UPDATE: It looks like my 13.0.1 is calling code from this diffed CharMatcher.
http://code.google.com/p/guava-libraries/source/diff?spec=svn69ad96b719d7cd3d872a948d7454f17b816a21c2&r=464b0cfab7c3b6713c35e6f3ae7426542668c77b&format=side&path=/guava/src/com/google/common/base/CharMatcher.java
I seem to be having an issue with Guava's Charmatcher. I am currently writing some JUnit tests and I am noticing the first test takes a bit of time (15+ seconds), but the future tests are all approximately the same (.3 seconds), with a majority of the tests running through the same code.
My analysis of the code has pinpointed that the Charmatcher in Guava's library seems to be the culprit.

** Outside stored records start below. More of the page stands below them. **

(* Let $E$ be a (Hausdorff, real) topological vector space. Every infinite absolutely Cauchy summable subset $S$ of $E$ contains an infinite subset $B$ such that the linear Kalton map $lK_B:lS_B\to E$ is a topologically isomorphic embedding.
   Context: For $b\in E$, $\mathbb{R}b=\{rb:r\in\mathbb{R}\}$ with the subspace topology. For $B\subseteq E\setminus\{0\}$, $lS_B=\bigoplus_{b\in B}\mathbb{R}b$ is the set of finitely supported elements of $\prod_{b\in B}\mathbb{R}b$, with the subspace topology of the Tychonoff product topology (so $lS_B\cong\mathbb{R}^{(B)}$). The linear Kalton map $lK_B:lS_B\to E$ is the unique linear map extending each inclusion $\mathbb{R}b\to E$, $b\in B$. A subset $S\subseteq E$ is absolutely Cauchy summable if for every neighbourhood $U$ of $0$ there is a finite $F\subseteq S$ such that the additive subgroup generated by $S\setminus F$ is contained in $U$. *)

theory Defs
  imports "HOL-Analysis.Analysis"
begin

definition add_subgroup_generated :: "'a::ab_group_add set \<Rightarrow> 'a set" where
  "add_subgroup_generated A =
     \<Inter>{G. A \<subseteq> G \<and> 0 \<in> G \<and> (\<forall>x\<in>G. \<forall>y\<in>G. x - y \<in> G)}"

definition abs_cauchy_summable :: "'a::{ab_group_add,topological_space} set \<Rightarrow> bool" where
  "abs_cauchy_summable S \<longleftrightarrow>
     (\<forall>U. (\<exists>V. open V \<and> 0 \<in> V \<and> V \<subseteq> U) \<longrightarrow>
        (\<exists>F. finite F \<and> F \<subseteq> S \<and> add_subgroup_generated (S - F) \<subseteq> U))"

definition real_line_top :: "'a::{real_vector,topological_space} \<Rightarrow> 'a topology" where
  "real_line_top b = subtopology euclidean (range (\<lambda>r::real. r *\<^sub>R b))"

text \<open>Elements are the
  (extensional) functions f on B with f b in R b, finitely many nonzero.\<close>
definition lS :: "'a::{real_vector,topological_space} set \<Rightarrow> ('a \<Rightarrow> 'a) topology" where
  "lS B = subtopology (product_topology real_line_top B)
            {f. finite {b\<in>B. f b \<noteq> 0}}"

definition lK :: "'a::real_vector set \<Rightarrow> ('a \<Rightarrow> 'a) \<Rightarrow> 'a" where
  "lK B f = (\<Sum>b\<in>{b\<in>B. f b \<noteq> 0}. f b)"

end

theory Submission
  imports Defs
begin

text \<open>The set \<open>B = {b\<^sub>0, b\<^sub>1, \<dots>}\<close> is chosen inductively. Once \<open>b\<^sub>0, \<dots>, b\<^bsub>n-1\<^esub>\<close>
  are linearly independent, their combinations whose largest coefficient has modulus \<open>1\<close> form a
  compact set missing \<open>0\<close>, so some neighbourhood \<open>Q\<^sub>n\<close> of \<open>0\<close> forces all coefficients of a
  combination in \<open>Q\<^sub>n + Q\<^sub>n\<close> to have modulus \<open>< 1\<close>. Absolute Cauchy summability yields a
  finite \<open>F\<^sub>n \<subseteq> S\<close> with \<open>span (S - F\<^sub>n) \<subseteq> Q\<^sub>n\<close>, and all later \<open>b\<^sub>m\<close> avoid \<open>F\<^sub>n\<close>. Consequently
  \<open>B\<close> is linearly independent, and each coordinate functional on \<open>span B\<close> is continuous: the
  tail of a vector lies in \<open>Q\<^sub>n\<close>, so a vector in \<open>\<epsilon> Q\<^sub>n\<close> has its first \<open>n\<close> coordinates below
  \<open>\<epsilon>\<close>. Finally \<open>lK\<^sub>B\<close> is continuous because the spans of cofinite parts of \<open>B\<close> are small, and its
  inverse on \<open>span B\<close> is continuous because it is given by the coordinate functionals.\<close>

lemma open_translate_preimage:
  fixes U :: "'a::topological_group_add set"
  assumes "open U"
  shows "open {x. x + a \<in> U}"
  using open_vimage[OF assms, of "\<lambda>x. x + a"] by (simp add: vimage_def continuous_intros)

lemma open_zero_nbhd_add_subset:
  fixes U :: "'a::topological_monoid_add set"
  assumes "open U" "0 \<in> U"
  obtains V where "open V" "0 \<in> V" "\<And>x y. x \<in> V \<Longrightarrow> y \<in> V \<Longrightarrow> x + y \<in> U"
proof -
  have "open ((\<lambda>p::'a \<times> 'a. fst p + snd p) -` U)"
    by (rule open_vimage[OF assms(1)]) (intro continuous_intros)
  moreover have "(0, 0) \<in> (\<lambda>p::'a \<times> 'a. fst p + snd p) -` U"
    using assms(2) by simp
  ultimately obtain V1 V2 where "open V1" "open V2" "(0, 0) \<in> V1 \<times> V2"
      "V1 \<times> V2 \<subseteq> (\<lambda>p. fst p + snd p) -` U"
    by (rule open_prod_elim)
  then show ?thesis
    by (intro that[of "V1 \<inter> V2"]) auto
qed

lemma continuous_on_additive_real:
  fixes h :: "'a::topological_group_add \<Rightarrow> real"
  assumes diff: "\<And>x y. x \<in> V \<Longrightarrow> y \<in> V \<Longrightarrow> x - y \<in> V \<and> h (x - y) = h x - h y"
    and small: "\<And>e. e > 0 \<Longrightarrow> \<exists>W. open W \<and> 0 \<in> W \<and> (\<forall>y\<in>V \<inter> W. \<bar>h y\<bar> < e)"
  shows "continuous_on V h"
  unfolding continuous_on_def
proof (intro ballI tendstoI)
  fix x and e :: real
  assume "x \<in> V" "e > 0"
  then obtain W where W: "open W" "0 \<in> W" "\<forall>y\<in>V \<inter> W. \<bar>h y\<bar> < e"
    using small by blast
  have "open {y. y + - x \<in> W}"
    using W(1) by (rule open_translate_preimage)
  moreover have "\<bar>h y - h x\<bar> < e" if "y \<in> V" "y + - x \<in> W" for y
  proof -
    have "y - x \<in> V \<inter> W" "h (y - x) = h y - h x"
      using diff[OF that(1) \<open>x \<in> V\<close>] that(2) by auto
    then show ?thesis
      using W(3) by metis
  qed
  ultimately show "\<forall>\<^sub>F y in at x within V. dist (h y) (h x) < e"
    unfolding eventually_at_topological using \<open>x \<in> V\<close> W(2)
    by (intro exI[of _ "{y. y + - x \<in> W}"]) (auto simp: dist_real_def)
qed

It looks like there is a bit of static initialization code in CharMatcher that might be the true reason it is taking so long. Is there any way I can disable or optimize this behavior? Is there something I am missing from the wiki pages or help files?

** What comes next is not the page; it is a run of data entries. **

(* Let $\phi\colon A\to K[\tau]$ be a Drinfeld $A$-module over a finitely generated field $K$ over $\mathbb{F}_p$, let $t\in A$ be non-constant, and for an integer $d$ let $M_d$ be the $\mathbb{F}_p[t]$-submodule of $\mathrm{End}_{K^{\mathrm{sep}}}(\phi)$ generated by all $u\in\mathrm{End}_{K^{\mathrm{sep}}}(\phi)$ with $\deg_\tau(u)\le d$. If $M_d$ has finite index in $\mathrm{End}_{K^{\mathrm{sep}}}(\phi)$ (i.e. has the same $\mathbb{F}_p[t]$-rank), then $M_d=\mathrm{End}_{K^{\mathrm{sep}}}(\phi)$.
   Context: $A$ is an admissible coefficient ring; $K[\tau]$ is the twisted polynomial ring with $\tau x=x^p\tau$; a Drinfeld $A$-module is a ring homomorphism $\phi\colon A\to K[\tau]$ with image not in $K$; $\mathrm{End}_{K^{\mathrm{sep}}}(\phi)$ is the centralizer of $\phi(A)$ in $K^{\mathrm{sep}}[\tau]$. $K^{\mathrm{sep}}[\tau]$ is regarded as an $\mathbb{F}_p[t]$-module via $(a,u)\mapsto\phi_au$. *)

theory Defs
  imports "HOL-Computational_Algebra.Computational_Algebra"
begin

inductive_set ring_gen :: "'a::comm_ring_1 set \<Rightarrow> 'a set" for S where
  rg_base: "x \<in> S \<Longrightarrow> x \<in> ring_gen S"
| rg_zero: "0 \<in> ring_gen S"
| rg_one: "1 \<in> ring_gen S"
| rg_add: "x \<in> ring_gen S \<Longrightarrow> y \<in> ring_gen S \<Longrightarrow> x + y \<in> ring_gen S"
| rg_uminus: "x \<in> ring_gen S \<Longrightarrow> - x \<in> ring_gen S"
| rg_mult: "x \<in> ring_gen S \<Longrightarrow> y \<in> ring_gen S \<Longrightarrow> x * y \<in> ring_gen S"

inductive_set field_gen :: "'a::field set \<Rightarrow> 'a set" for S where
  fg_base: "x \<in> S \<Longrightarrow> x \<in> field_gen S"
| fg_zero: "0 \<in> field_gen S"
| fg_one: "1 \<in> field_gen S"
| fg_add: "x \<in> field_gen S \<Longrightarrow> y \<in> field_gen S \<Longrightarrow> x + y \<in> field_gen S"
| fg_uminus: "x \<in> field_gen S \<Longrightarrow> - x \<in> field_gen S"
| fg_mult: "x \<in> field_gen S \<Longrightarrow> y \<in> field_gen S \<Longrightarrow> x * y \<in> field_gen S"
| fg_inverse: "x \<in> field_gen S \<Longrightarrow> inverse x \<in> field_gen S"

text \<open>K is a finitely generated field over F_p (inside the ambient field 'L of char p):
  it is the subfield generated by a finite set (the prime field is contained automatically).\<close>
definition fin_gen_field :: "'a::field set \<Rightarrow> bool" where
  "fin_gen_field K \<longleftrightarrow> (\<exists>S. finite S \<and> K = field_gen S)"

definition is_ideal :: "'a::comm_ring_1 set \<Rightarrow> bool" where
  "is_ideal I \<longleftrightarrow> 0 \<in> I \<and> (\<forall>x\<in>I. \<forall>y\<in>I. x + y \<in> I) \<and> (\<forall>x\<in>I. \<forall>a. a * x \<in> I)"

definition prime_ideal :: "'a::comm_ring_1 set \<Rightarrow> bool" where
  "prime_ideal P \<longleftrightarrow> is_ideal P \<and> P \<noteq> UNIV \<and> (\<forall>a b. a * b \<in> P \<longrightarrow> a \<in> P \<or> b \<in> P)"

definition maximal_ideal :: "'a::comm_ring_1 set \<Rightarrow> bool" where
  "maximal_ideal M \<longleftrightarrow> is_ideal M \<and> M \<noteq> UNIV \<and>
     (\<forall>J. is_ideal J \<and> M \<subseteq> J \<longrightarrow> J = M \<or> J = UNIV)"

text \<open>Integrally closed: if x/y (y \<noteq> 0) satisfies a monic polynomial f of degree n over A,
  i.e. the homogenised relation holds, then y divides x.\<close>
definition integrally_closed :: "'a::idom itself \<Rightarrow> bool" where
  "integrally_closed _ \<longleftrightarrow> (\<forall>(f::'a poly) (x::'a) y. y \<noteq> 0 \<longrightarrow> lead_coeff f = 1 \<longrightarrow>
      (\<Sum>i\<le>degree f. coeff f i * x ^ i * y ^ (degree f - i)) = 0 \<longrightarrow> y dvd x)"

text \<open>Admissible coefficient ring: the ring of elements of a global function field over F_p
  regular away from one fixed place \<infinity>.  Equivalently (used here): a Dedekind domain of
  characteristic p that is finitely generated as a ring (i.e. as F_p-algebra), is not a field,
  and has a finite unit group (exactly one place at infinity).\<close>
definition admissible_coeff_ring :: "'a::idom itself \<Rightarrow> nat \<Rightarrow> bool" where
  "admissible_coeff_ring T p \<longleftrightarrow>
     prime p \<and> CHAR('a) = p \<and>
     (\<exists>S::'a set. finite S \<and> ring_gen S = UNIV) \<and>
     (\<exists>a::'a. a \<noteq> 0 \<and> \<not> a dvd 1) \<and>
     (\<forall>P::'a set. prime_ideal P \<and> P \<noteq> {0} \<longrightarrow> maximal_ideal P) \<and>
     integrally_closed T \<and>
     finite {u::'a. u dvd 1}"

Guava version 13.0.1, System: Linux 64, Eclipse 3.6.1
EDIT: I built a test app with the following code:
import com.google.common.base.CharMatcher;
public class Main {
public static void main(String[] args) {
// Using system instead of stopwatch to isolate library.
long startTime = System.currentTimeMillis();
CharMatcher.is(' ');
long endTime = System.currentTimeMillis();
System.out.println("took " + String.valueOf(endTime-startTime) + " ms");
startTime = System.currentTimeMillis();
CharMatcher.is('d');
endTime = System.currentTimeMillis();
System.out.println("2nd took " + String.valueOf(endTime-startTime) + " ms");
}
}
This resulted in the following output:
took 15945 ms
2nd took 0 ms
I ran this in eclipse minus the JUnit framework and just google's guava library. Also I packaged an executable char and received similar results. I'll come back with a second edit after I run a profiler through it.
Thanks for any help.
Edit 2: Results from profiling:
Main.main(String[]) 22,556 ms
com.google.common.base.CharMatcher.<clinit>() 22.556 ms
com.google.common.base.CharMatcher.precomputed() 22,550 ms
com.google.common.base.Platform.precomputeCharMatcher(CharMatcher) 22,550 ms
com.google.common.base.CharMatcher.precomputedInternal() 22,550 ms
com.google.common.base.CharMatcher.slowGetChars() 13,638 ms
com.google.common.base.CharMatcher.setBits(CharMatcher$LookupTable) 8,911 ms
Update: This is fixed in Guava 14.
You are running into some kind of JIT bug present in u21, and likely earlier versions, but not in at least some later JDK versions. Here's the -XX:+PrintCompilation output for your test program in u21:
1 java.util.Arrays::binarySearch0 (72 bytes)
2 com.google.common.base.CharMatcher$Or::matches (28 bytes)
3 com.google.common.base.CharMatcher$12::matches (22 bytes)
2 made not entrant com.google.common.base.CharMatcher$Or::matches (28 bytes)
4 com.google.common.base.CharMatcher$11::matches (17 bytes)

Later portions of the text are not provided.